In practical terms, while there is a general trend where people who take more steps also burn more calories, other factors could also be influencing calorie burn, and the steps alone don't fully explain the variation in calories burned.

**Creating a scatter plot to visualize the relationship between the ‘Total Minutes Asleep’ and ‘Total Time in Bed’ variables.**

In [None]:
# Create a scatter plot
plt.figure(figsize=(10, 6))
plt.scatter(daily_activity_sleep['TotalMinutesAsleep'], daily_activity_sleep['TotalTimeInBed'], alpha=0.5)
plt.title('Relationship between Total Minutes Asleep and Total Time in Bed')
plt.xlabel('Total Minutes Asleep')
plt.ylabel('Total Time in Bed (minutes)')
plt.grid(True, linestyle='--', alpha=0.7)

# Add a trend line
z = np.polyfit(daily_activity_sleep['TotalMinutesAsleep'], daily_activity_sleep['TotalTimeInBed'], 1)
p = np.poly1d(z)
plt.plot(daily_activity_sleep['TotalMinutesAsleep'], p(daily_activity_sleep['TotalMinutesAsleep']), "r--", alpha=0.8)

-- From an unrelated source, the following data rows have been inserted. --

lemma (in group) exists_pow_ord_prime_power:
  assumes fin: "finite (carrier G)" and a: "a \<in> carrier G" and q: "Factorial_Ring.prime q"
  obtains s b where "\<not> q dvd s" "ord (a [^] s) = q ^ b"
proof -
  obtain b s where bs: "ord a = q ^ b * s" "\<not> q dvd s"
    using multiplicity_decompose'[of "ord a" q] ord_ge_1[OF fin a] q
    by (metis not_one_le_zero not_prime_unit)
  then have "s \<noteq> 0"
    by (metis dvd_0_right)
  then have "ord (a [^] s) = q ^ b"
    using ord_pow[OF a] bs(1) by simp
  with bs(2) show ?thesis
    using that by blast
qed

lemma (in group) generate_pow_eq_if_coprime:
  assumes fin: "finite (carrier G)" and a: "a \<in> carrier G" and cop: "coprime k (ord a)"
  shows "generate G {a [^] k} = generate G {a}"
proof (rule card_subset_eq)
  show "finite (generate G {a})"
    using finite_subset[OF generate_incl fin] a by blast
  show "generate G {a [^] k} \<subseteq> generate G {a}"
  proof (rule generate_subgroup_incl)
    have "a [^] int k \<in> generate G {a}"
      unfolding generate_pow[OF a] by blast
    then show "{a [^] k} \<subseteq> generate G {a}"
      by (simp add: int_pow_int)
    show "subgroup (generate G {a}) G"
      using a by (simp add: generate_is_subgroup)
  qed
  show "card (generate G {a [^] k}) = card (generate G {a})"
    using generate_pow_card a pow_ord_eq_ord_iff[OF fin a] cop by simp
qed

lemma (in group) conj_image_subgroup:
  assumes H: "subgroup H G" and g: "g \<in> carrier G"
  shows "subgroup ((\<lambda>h. g \<otimes> h \<otimes> inv g) ` H) G" "card ((\<lambda>h. g \<otimes> h \<otimes> inv g) ` H) = card H"
proof -
  have "(inv (inv g) <#\<^bsub>G\<^esub> H) #> inv g = (\<lambda>h. g \<otimes> h \<otimes> inv g) ` H"
    unfolding l_coset_def r_coset_def using g by auto
  then show "subgroup ((\<lambda>h. g \<otimes> h \<otimes> inv g) ` H) G"
    using subgroup_conjugation_is_surj1[of "inv g" H] g H by simp
  have "inj_on (\<lambda>h. g \<otimes> h \<otimes> inv g) H"
    using conjugation_is_inj g subgroup.subset[OF H] by (intro inj_onI) blast
  then show "card ((\<lambda>h. g \<otimes> h \<otimes> inv g) ` H) = card H"
    by (rule card_image)
qed

lemma (in group) mem_normalizer_iff:
  assumes S: "subgroup S G" and fin: "finite S"
  shows "g \<in> normalizer G S \<longleftrightarrow> g \<in> carrier G \<and> (\<forall>s\<in>S. g \<otimes> s \<otimes> inv g \<in> S)"
proof -
  have SG: "S \<subseteq> carrier G"
    using subgroup.subset[OF S] .
  have conj_eq: "(g <#\<^bsub>G\<^esub> S) #> inv g = S \<longleftrightarrow> (\<forall>s\<in>S. g \<otimes> s \<otimes> inv g \<in> S)" if g: "g \<in> carrier G"
  proof -
    have conj: "(g <#\<^bsub>G\<^esub> S) #> inv g = (\<lambda>s. g \<otimes> s \<otimes> inv g) ` S"
      unfolding l_coset_def r_coset_def by blast
    have "card ((\<lambda>s. g \<otimes> s \<otimes> inv g) ` S) = card S"
      using conj_image_subgroup(2)[OF S g] .
    then have "(\<lambda>s. g \<otimes> s \<otimes> inv g) ` S = S \<longleftrightarrow> (\<lambda>s. g \<otimes> s \<otimes> inv g) ` S \<subseteq> S"
      using card_subset_eq[OF fin] by auto
    then show ?thesis
      unfolding conj by blast
  qed
  then show ?thesis
    unfolding normalizer_def stabilizer_def using SG conj_eq by auto
qed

# Add a diagonal line representing perfect equality
min_val = min(daily_activity_sleep['TotalMinutesAsleep'].min(), daily_activity_sleep['TotalTimeInBed'].min())
max_val = max(daily_activity_sleep['TotalMinutesAsleep'].max(), daily_activity_sleep['TotalTimeInBed'].max())
plt.plot([min_val, max_val], [min_val, max_val], 'g--', alpha=0.8, label='Perfect Equality')

plt.legend()
plt.tight_layout()
plt.show()

# Calculate the correlation coefficient
correlation = daily_activity_sleep['TotalMinutesAsleep'].corr(daily_activity_sleep['TotalTimeInBed'])
print(f"Correlation coefficient between Total Minutes Asleep and Total Time in Bed: {correlation:.2f}")

The strong positive correlation (0.93) between Total Minutes Asleep and Total Time in Bed means that there is a very close relationship between the amount of time users spend in bed and the time they actually spend sleeping. 

In other words, most of the time users spend in bed is used for sleeping, indicating efficient sleep patterns. A correlation of 0.93 suggests that as the time spent in bed increases, the time spent asleep also increases in a very consistent manner.

# Insights
Maintain Consistent Bedtimes: Try to go to bed and wake up at the same time every day, even on weekends. Consistency helps regulate your internal clock and improves sleep quality.

**Analyzing Hourly Patterns in Total Intensity with a Bar Chart**

In [None]:
# Group by hour and calculate mean total intensity
hourly_intensities = intensities_df.groupby('Hour')['TotalIntensity'].mean().reset_index()

# Convert Hour to datetime for proper ordering
hourly_intensities['Hour'] = pd.to_datetime(hourly_intensities['Hour'], format='%H:%M:%S')

# Sort by hour
hourly_intensities = hourly_intensities.sort_values('Hour')

# Create the bar chart
plt.figure(figsize=(12, 6))
plt.bar(hourly_intensities['Hour'], hourly_intensities['TotalIntensity'], width=0.02, align='center')

plt.title('Total Intensity Throughout the Day')
plt.xlabel('Time of Day')
plt.ylabel('Total Intensity')

# Format x-axis to show hours
plt.gca().xaxis.set_major_formatter(plt.matplotlib.dates.DateFormatter('%H:%M'))
plt.gcf().autofmt_xdate()  # Rotation

plt.grid(True, linestyle='--', alpha=0.7, axis='y')
plt.tight_layout()
plt.show()

* After analyzing the hourly Total Intensity data, it’s evident that individuals tend to be more active from 5 am to 10 pm.
* The peak of physical activity occurs between 5 pm and 7 pm, possibly suggesting that people engage in exercise or outdoor activities after their workday.

# Insights:

* Consider planning your workouts or physical activities between 5 pm and 7 pm, as this is when most people tend to be most active. Engaging in exercise during these hours can help you align with natural energy levels and maximize your workout efficiency.
* If you're active in the early morning hours (from 5 am), incorporate a morning exercise routine to boost your energy and set a positive tone for the day. Morning activity can improve focus and productivity throughout the day.
* If you're active in the evening, consider incorporating calming exercises like yoga or a gentle walk after 7 pm to help wind down and prepare your body for restful sleep.